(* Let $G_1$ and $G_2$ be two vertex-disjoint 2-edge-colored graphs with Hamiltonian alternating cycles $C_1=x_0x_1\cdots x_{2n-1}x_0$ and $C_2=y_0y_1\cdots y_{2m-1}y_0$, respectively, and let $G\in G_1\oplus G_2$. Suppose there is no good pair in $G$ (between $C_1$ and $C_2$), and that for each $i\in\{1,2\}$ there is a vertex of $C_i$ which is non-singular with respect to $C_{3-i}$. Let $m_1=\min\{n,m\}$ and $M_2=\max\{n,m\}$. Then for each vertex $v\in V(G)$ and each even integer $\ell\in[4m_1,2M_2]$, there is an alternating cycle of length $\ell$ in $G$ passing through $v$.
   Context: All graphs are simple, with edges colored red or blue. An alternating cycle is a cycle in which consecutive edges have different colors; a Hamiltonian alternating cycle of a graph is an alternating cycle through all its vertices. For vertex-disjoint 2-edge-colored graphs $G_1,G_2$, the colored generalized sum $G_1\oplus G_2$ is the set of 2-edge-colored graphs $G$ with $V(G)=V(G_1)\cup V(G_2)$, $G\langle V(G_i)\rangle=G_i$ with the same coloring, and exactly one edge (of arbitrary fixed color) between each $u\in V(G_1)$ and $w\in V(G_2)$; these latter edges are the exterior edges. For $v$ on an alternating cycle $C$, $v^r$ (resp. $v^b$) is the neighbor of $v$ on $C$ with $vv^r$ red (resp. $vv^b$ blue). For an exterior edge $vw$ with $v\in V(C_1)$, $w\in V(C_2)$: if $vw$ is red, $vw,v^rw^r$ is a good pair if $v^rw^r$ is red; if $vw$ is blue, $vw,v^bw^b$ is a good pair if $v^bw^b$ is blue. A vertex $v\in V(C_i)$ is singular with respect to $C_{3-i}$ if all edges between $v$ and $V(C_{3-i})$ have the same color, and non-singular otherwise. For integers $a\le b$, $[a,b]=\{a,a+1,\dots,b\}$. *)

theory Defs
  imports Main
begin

--

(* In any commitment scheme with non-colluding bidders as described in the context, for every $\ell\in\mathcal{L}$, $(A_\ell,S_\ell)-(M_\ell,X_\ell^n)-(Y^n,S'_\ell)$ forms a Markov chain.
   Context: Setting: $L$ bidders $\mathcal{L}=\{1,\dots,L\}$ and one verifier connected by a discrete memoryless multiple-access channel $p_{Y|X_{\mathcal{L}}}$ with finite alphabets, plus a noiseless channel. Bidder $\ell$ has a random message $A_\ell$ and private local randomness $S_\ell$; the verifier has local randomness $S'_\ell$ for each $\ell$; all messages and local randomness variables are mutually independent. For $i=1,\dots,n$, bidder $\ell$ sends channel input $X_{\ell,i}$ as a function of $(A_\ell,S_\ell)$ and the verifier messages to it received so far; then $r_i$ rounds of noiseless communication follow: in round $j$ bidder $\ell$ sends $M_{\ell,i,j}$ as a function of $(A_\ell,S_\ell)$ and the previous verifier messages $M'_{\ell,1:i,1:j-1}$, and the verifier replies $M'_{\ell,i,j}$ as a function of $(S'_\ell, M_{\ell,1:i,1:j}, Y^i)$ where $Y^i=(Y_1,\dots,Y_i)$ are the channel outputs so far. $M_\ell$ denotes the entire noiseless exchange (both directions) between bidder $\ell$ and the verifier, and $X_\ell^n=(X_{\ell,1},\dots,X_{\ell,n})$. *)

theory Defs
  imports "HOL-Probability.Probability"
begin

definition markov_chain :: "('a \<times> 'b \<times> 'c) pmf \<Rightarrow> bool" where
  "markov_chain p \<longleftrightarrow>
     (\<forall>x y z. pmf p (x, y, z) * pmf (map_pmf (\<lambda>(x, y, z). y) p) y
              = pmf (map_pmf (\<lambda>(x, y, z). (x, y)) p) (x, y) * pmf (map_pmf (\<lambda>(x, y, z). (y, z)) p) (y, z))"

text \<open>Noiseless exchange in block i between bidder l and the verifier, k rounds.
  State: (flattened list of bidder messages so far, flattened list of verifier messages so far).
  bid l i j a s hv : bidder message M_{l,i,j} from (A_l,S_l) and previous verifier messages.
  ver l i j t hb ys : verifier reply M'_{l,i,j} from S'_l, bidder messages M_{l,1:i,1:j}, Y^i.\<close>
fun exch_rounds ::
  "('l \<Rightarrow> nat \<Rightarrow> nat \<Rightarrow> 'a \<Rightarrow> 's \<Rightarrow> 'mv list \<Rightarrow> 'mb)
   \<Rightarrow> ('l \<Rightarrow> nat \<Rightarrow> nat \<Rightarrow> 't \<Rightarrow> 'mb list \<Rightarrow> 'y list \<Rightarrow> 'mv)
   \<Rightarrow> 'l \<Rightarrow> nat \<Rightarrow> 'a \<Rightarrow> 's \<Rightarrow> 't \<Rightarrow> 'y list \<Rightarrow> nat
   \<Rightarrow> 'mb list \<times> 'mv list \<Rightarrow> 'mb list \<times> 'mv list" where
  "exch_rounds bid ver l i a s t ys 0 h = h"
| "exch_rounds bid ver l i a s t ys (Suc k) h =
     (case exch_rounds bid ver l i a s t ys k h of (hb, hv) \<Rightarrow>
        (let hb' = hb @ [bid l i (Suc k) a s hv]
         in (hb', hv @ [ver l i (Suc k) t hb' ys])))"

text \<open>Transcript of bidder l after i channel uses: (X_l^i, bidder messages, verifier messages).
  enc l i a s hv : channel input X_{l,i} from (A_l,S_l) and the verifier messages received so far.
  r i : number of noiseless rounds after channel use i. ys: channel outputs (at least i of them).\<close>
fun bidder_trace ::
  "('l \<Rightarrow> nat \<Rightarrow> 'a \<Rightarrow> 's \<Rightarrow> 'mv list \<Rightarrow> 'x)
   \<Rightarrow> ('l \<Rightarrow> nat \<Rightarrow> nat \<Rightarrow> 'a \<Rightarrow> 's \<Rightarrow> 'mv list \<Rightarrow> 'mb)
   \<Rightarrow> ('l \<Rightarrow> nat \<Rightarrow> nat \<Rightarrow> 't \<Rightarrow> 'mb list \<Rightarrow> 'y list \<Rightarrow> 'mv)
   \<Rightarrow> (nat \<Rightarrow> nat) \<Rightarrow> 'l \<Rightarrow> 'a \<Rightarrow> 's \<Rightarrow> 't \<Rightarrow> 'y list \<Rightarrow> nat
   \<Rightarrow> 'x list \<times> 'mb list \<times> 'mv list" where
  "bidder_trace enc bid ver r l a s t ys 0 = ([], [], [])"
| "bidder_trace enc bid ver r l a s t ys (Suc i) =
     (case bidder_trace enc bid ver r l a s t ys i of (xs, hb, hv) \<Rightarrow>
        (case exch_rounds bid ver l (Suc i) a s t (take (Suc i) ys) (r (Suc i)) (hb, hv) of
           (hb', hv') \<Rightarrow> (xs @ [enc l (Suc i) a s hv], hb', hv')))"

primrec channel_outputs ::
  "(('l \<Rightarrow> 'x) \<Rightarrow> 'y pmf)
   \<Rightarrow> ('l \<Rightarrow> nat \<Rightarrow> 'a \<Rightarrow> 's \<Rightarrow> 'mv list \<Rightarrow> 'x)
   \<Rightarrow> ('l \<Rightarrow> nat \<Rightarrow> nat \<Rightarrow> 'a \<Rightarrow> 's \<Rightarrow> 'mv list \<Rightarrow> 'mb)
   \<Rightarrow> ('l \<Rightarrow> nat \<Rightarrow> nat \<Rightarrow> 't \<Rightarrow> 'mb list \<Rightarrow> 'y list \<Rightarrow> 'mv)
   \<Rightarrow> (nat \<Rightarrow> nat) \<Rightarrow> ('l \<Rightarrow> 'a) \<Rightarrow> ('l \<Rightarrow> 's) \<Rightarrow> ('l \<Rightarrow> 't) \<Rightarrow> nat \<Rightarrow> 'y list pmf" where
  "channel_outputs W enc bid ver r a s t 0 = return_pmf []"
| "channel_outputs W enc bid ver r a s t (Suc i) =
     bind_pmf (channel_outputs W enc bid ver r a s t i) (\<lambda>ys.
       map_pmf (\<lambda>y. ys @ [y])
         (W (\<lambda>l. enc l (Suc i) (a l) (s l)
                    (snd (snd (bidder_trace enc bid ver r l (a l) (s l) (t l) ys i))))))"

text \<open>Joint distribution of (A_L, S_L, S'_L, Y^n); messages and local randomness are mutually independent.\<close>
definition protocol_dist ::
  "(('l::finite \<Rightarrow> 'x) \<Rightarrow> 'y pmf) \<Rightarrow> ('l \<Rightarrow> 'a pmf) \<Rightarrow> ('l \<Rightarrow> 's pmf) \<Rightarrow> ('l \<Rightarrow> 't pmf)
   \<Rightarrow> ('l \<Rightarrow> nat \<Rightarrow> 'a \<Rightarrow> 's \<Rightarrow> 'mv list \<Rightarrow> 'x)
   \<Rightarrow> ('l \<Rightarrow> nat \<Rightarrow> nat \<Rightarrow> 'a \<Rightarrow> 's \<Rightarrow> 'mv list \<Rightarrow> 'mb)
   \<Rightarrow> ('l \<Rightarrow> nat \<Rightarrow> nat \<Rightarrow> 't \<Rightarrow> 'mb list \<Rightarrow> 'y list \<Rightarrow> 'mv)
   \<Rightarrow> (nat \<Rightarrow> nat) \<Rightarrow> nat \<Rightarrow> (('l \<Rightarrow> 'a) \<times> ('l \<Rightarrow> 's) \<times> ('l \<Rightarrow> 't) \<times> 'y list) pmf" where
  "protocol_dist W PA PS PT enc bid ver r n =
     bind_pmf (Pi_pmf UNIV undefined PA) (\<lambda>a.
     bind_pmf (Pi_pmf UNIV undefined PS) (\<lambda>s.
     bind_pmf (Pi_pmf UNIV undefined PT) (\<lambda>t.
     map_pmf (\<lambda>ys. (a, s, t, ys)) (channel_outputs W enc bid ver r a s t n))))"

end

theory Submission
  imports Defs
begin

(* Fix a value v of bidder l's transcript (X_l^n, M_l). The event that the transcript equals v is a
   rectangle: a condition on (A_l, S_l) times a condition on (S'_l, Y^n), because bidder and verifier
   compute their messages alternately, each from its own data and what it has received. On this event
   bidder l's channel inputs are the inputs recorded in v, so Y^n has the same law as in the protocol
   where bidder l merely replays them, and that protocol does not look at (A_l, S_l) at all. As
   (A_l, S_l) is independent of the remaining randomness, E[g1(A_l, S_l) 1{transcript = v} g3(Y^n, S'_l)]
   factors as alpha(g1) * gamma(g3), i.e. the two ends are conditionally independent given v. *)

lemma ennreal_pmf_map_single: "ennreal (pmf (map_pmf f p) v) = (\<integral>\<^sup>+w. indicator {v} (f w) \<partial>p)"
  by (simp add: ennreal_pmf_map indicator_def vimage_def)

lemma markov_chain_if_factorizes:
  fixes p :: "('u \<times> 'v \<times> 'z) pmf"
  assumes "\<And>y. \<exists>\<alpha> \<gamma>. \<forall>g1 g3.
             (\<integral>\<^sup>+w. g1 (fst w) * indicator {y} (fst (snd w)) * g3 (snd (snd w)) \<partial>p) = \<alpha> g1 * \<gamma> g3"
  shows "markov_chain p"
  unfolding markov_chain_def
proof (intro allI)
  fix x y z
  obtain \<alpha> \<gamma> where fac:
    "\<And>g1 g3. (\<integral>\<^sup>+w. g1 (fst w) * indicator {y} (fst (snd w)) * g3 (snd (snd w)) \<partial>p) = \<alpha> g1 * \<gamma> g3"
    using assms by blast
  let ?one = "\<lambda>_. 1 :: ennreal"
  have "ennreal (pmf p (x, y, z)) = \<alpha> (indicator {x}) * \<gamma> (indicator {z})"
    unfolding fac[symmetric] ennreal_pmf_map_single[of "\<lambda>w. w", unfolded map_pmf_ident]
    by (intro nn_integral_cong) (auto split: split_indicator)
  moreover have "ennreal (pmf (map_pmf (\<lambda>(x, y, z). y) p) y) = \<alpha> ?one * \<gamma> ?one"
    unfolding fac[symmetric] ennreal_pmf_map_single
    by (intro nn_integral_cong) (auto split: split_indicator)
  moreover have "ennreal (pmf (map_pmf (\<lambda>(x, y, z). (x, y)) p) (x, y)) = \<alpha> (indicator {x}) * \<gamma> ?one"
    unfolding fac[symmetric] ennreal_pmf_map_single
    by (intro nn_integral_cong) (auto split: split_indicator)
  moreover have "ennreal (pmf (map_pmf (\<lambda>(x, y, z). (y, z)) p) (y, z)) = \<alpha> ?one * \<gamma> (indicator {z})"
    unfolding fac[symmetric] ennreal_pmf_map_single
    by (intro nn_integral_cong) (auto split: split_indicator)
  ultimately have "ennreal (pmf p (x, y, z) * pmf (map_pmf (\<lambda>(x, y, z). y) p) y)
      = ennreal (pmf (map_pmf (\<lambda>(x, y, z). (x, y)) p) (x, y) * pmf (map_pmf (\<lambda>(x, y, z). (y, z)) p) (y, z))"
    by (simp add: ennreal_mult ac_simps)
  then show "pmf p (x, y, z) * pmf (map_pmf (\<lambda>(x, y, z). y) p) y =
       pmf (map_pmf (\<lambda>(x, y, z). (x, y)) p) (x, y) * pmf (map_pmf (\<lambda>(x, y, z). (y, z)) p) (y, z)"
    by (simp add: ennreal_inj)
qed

...

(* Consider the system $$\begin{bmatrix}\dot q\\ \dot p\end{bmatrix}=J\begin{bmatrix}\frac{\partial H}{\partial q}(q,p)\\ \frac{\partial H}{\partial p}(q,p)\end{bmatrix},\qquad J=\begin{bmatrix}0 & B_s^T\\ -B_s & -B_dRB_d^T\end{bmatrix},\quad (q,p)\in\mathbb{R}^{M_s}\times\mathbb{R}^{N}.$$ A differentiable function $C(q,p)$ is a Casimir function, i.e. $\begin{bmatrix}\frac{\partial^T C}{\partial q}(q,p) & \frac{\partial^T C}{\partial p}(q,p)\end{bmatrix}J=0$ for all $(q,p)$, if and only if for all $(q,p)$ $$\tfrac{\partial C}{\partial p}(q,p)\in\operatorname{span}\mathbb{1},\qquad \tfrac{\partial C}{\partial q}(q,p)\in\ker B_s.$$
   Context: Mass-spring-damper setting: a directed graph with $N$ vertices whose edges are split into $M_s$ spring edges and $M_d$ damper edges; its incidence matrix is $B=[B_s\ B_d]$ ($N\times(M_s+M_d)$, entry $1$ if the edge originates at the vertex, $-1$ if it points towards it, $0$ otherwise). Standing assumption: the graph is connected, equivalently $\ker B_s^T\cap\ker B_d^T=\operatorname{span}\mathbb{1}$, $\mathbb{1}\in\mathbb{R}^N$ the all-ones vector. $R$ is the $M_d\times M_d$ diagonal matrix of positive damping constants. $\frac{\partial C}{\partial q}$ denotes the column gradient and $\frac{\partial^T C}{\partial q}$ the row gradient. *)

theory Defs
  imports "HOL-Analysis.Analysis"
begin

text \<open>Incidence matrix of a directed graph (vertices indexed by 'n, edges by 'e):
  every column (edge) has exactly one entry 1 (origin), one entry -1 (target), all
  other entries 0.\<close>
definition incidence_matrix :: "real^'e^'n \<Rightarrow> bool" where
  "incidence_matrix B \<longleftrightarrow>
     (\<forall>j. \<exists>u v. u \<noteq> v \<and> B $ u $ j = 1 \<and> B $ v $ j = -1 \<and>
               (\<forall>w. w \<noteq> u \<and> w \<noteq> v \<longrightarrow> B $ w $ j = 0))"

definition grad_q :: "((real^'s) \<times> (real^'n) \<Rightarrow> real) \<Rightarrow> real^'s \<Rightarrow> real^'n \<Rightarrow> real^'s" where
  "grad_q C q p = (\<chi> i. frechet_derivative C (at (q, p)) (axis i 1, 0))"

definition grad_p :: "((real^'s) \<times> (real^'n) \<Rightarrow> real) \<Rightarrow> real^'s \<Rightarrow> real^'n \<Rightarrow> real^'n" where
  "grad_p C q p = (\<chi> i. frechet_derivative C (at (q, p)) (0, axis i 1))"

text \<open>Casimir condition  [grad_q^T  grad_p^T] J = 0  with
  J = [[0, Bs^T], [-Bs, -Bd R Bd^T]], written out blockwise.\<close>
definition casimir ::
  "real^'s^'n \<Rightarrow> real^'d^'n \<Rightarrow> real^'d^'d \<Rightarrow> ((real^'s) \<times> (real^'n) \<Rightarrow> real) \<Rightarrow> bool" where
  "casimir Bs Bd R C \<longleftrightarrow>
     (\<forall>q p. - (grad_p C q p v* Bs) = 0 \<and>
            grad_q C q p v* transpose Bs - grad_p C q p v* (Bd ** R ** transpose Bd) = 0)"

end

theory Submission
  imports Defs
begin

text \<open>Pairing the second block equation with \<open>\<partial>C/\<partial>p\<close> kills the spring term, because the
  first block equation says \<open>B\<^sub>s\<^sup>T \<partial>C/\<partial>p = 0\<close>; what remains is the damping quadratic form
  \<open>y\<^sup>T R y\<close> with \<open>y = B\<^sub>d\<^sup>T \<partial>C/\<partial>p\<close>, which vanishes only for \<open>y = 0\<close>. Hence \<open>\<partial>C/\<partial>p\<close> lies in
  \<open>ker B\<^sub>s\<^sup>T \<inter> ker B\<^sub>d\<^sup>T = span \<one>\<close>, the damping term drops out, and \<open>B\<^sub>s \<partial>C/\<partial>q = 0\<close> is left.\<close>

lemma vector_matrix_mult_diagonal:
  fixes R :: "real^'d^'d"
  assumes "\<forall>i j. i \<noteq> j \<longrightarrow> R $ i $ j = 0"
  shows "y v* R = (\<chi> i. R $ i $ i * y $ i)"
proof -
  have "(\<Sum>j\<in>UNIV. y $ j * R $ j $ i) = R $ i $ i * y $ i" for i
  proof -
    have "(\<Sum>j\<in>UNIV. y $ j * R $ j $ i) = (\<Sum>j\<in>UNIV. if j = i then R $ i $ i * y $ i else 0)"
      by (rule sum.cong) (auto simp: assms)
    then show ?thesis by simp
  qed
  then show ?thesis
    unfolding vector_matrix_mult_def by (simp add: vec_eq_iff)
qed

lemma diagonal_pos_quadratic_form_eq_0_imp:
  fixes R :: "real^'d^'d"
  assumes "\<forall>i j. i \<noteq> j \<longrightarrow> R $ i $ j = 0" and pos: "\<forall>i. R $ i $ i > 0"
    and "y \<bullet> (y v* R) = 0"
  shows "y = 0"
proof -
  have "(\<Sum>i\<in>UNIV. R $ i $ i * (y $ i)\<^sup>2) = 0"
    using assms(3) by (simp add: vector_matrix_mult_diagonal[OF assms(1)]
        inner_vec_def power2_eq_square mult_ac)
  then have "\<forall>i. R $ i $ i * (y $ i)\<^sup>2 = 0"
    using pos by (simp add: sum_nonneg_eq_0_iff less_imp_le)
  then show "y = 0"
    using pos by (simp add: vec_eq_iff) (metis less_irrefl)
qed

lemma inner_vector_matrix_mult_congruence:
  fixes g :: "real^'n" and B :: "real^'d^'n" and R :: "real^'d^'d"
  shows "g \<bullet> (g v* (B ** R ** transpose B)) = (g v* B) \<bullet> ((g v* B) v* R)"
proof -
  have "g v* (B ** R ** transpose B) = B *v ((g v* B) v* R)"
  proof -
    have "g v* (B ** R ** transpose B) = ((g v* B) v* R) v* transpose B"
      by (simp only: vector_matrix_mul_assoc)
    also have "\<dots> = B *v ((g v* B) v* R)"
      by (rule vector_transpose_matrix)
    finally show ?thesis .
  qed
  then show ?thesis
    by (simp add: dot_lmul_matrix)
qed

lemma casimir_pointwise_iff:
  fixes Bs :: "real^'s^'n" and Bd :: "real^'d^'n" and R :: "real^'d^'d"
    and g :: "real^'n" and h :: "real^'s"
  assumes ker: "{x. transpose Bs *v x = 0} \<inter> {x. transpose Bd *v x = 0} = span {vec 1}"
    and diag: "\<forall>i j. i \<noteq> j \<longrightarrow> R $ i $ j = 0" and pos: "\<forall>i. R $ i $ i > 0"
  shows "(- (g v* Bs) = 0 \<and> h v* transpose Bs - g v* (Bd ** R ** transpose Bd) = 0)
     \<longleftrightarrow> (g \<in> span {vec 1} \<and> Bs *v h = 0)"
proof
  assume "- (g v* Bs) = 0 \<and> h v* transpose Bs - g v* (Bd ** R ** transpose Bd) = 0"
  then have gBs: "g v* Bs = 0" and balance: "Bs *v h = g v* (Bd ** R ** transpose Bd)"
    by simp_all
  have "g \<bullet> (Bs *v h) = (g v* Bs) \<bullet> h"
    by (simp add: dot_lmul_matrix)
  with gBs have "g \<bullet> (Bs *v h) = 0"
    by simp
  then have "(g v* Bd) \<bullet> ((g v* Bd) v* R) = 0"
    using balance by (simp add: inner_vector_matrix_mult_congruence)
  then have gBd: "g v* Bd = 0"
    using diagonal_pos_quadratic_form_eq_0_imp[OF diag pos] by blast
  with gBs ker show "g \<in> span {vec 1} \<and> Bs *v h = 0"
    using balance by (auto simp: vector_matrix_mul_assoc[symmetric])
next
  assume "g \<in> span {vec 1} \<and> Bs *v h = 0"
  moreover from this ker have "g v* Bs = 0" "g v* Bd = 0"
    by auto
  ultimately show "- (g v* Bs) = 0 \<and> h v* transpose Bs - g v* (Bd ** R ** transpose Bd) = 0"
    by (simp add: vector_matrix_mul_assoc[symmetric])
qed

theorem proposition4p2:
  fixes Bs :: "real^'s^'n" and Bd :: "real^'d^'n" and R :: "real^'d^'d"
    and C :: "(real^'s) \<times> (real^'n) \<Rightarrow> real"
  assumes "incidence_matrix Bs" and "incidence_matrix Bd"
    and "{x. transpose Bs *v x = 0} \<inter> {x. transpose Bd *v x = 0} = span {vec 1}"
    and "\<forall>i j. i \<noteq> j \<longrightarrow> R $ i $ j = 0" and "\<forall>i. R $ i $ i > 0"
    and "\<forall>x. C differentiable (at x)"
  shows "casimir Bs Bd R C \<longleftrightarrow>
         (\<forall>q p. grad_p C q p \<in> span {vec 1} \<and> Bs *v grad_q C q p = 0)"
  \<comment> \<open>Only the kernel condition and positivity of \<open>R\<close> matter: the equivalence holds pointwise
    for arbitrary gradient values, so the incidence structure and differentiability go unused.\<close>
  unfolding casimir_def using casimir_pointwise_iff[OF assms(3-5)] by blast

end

* _Work to be completed_
Exact duplication is required for the lines above, from the line that contains "nat \<Rightarrow> 'a \<Rightarrow> 's \<Rightarrow> 't" to the line that contains "t ys (Suc k)", inclusive; omit all others.

* _Expected answer_
   \<Rightarrow> 'l \<Rightarrow> nat \<Rightarrow> 'a \<Rightarrow> 's \<Rightarrow> 't \<Rightarrow> 'y list \<Rightarrow> nat
   \<Rightarrow> 'mb list \<times> 'mv list \<Rightarrow> 'mb list \<times> 'mv list" where
  "exch_rounds bid ver l i a s t ys 0 h = h"
| "exch_rounds bid ver l i a s t ys (Suc k) h =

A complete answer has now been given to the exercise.